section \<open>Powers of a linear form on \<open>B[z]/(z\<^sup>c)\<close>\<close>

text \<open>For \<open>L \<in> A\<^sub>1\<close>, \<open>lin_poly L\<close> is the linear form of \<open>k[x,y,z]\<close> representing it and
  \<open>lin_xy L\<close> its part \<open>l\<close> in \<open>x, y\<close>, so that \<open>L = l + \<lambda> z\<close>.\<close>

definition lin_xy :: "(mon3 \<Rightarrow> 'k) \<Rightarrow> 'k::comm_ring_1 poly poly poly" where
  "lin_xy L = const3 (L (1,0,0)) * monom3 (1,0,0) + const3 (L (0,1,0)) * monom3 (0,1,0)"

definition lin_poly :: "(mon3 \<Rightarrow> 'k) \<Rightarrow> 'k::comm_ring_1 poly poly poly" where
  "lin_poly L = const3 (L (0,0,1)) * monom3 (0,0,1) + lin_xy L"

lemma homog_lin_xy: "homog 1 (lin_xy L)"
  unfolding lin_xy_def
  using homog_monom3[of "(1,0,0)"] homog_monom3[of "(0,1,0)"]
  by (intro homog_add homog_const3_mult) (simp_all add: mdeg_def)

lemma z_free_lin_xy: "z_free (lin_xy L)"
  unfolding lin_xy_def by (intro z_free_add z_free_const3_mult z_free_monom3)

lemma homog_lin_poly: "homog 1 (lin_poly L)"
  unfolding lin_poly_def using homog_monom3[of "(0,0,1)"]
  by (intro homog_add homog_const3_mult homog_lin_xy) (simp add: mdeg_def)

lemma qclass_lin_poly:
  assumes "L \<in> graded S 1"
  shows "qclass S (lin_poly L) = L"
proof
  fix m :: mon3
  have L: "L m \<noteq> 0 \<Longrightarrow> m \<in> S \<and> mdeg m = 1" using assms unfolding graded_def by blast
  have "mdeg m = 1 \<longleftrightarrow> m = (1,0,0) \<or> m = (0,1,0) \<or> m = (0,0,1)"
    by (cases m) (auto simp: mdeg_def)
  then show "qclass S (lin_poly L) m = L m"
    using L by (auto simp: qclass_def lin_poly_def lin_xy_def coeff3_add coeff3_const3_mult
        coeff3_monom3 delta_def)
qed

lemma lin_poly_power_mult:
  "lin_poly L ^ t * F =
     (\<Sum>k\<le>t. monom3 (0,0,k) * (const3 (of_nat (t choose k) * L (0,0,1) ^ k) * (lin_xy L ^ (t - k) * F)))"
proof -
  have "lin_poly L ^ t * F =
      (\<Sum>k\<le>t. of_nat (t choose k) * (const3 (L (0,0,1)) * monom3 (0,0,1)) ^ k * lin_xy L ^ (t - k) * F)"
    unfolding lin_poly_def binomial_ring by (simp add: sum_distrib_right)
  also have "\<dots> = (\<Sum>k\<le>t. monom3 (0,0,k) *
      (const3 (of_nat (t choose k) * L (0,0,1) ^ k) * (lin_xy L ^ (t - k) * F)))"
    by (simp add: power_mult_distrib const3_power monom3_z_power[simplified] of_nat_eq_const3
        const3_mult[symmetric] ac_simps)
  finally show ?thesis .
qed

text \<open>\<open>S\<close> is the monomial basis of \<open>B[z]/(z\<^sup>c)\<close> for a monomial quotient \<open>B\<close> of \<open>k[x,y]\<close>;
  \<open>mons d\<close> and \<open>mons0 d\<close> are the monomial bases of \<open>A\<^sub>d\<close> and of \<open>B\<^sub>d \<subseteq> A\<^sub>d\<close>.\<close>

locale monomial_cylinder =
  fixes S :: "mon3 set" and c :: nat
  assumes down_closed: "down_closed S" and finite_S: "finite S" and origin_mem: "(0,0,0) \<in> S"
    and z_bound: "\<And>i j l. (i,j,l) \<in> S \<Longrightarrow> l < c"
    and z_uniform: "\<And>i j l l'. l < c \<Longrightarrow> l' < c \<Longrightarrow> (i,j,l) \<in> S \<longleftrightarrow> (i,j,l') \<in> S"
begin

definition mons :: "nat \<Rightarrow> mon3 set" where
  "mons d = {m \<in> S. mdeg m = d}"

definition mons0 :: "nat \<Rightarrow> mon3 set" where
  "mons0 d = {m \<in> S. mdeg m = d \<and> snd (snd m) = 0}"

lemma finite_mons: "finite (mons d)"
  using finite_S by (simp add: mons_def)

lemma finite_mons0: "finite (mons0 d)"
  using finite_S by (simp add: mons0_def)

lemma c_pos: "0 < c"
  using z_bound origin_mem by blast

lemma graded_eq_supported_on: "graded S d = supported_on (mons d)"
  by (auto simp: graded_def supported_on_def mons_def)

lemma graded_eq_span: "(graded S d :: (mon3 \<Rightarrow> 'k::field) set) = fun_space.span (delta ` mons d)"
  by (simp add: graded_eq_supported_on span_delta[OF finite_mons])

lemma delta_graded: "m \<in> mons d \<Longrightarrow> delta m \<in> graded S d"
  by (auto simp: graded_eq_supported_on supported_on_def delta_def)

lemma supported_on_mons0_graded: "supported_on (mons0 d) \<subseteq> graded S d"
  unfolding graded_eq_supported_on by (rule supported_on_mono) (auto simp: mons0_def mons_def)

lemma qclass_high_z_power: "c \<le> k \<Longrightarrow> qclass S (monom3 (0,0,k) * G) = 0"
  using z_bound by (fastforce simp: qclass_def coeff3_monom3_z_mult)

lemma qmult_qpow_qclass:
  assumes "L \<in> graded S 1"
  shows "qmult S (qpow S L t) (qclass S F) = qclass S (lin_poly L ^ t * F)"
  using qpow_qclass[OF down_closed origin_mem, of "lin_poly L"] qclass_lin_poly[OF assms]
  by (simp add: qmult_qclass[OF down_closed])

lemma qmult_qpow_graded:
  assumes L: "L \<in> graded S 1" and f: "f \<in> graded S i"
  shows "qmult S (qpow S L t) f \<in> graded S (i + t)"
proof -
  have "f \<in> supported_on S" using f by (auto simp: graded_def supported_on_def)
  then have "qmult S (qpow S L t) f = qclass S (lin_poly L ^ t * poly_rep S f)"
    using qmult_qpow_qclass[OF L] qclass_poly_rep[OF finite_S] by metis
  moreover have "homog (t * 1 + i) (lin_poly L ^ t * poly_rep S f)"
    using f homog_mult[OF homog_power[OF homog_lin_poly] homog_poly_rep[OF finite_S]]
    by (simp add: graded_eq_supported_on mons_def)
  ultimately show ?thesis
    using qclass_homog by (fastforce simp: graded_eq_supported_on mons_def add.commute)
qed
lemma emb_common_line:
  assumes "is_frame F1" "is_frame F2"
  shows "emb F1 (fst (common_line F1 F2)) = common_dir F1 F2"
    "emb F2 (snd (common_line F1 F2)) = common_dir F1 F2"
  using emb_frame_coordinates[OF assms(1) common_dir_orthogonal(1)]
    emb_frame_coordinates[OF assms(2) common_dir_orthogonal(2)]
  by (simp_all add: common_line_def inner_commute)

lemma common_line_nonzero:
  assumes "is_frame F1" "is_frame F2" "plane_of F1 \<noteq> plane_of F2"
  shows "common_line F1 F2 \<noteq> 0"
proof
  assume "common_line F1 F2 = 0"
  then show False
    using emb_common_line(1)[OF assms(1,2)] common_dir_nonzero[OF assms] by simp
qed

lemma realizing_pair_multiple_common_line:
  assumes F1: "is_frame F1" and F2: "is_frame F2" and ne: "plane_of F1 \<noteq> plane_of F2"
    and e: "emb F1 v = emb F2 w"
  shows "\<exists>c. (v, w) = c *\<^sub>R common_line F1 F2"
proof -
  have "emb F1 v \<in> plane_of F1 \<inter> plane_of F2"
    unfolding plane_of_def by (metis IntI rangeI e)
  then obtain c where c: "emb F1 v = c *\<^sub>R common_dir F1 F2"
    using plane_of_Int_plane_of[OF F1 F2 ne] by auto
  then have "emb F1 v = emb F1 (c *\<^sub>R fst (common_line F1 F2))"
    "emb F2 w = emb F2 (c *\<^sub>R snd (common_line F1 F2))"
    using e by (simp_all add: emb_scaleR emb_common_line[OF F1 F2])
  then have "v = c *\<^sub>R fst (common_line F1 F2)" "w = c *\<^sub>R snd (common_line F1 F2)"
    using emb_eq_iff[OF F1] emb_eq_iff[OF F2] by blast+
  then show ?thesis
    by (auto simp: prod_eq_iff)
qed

□ □ □ □ □

## PROBLEM
In the material above, please count the lines that hold the word "intro" and answer with only that number.

## EXPECTED ANSWER
3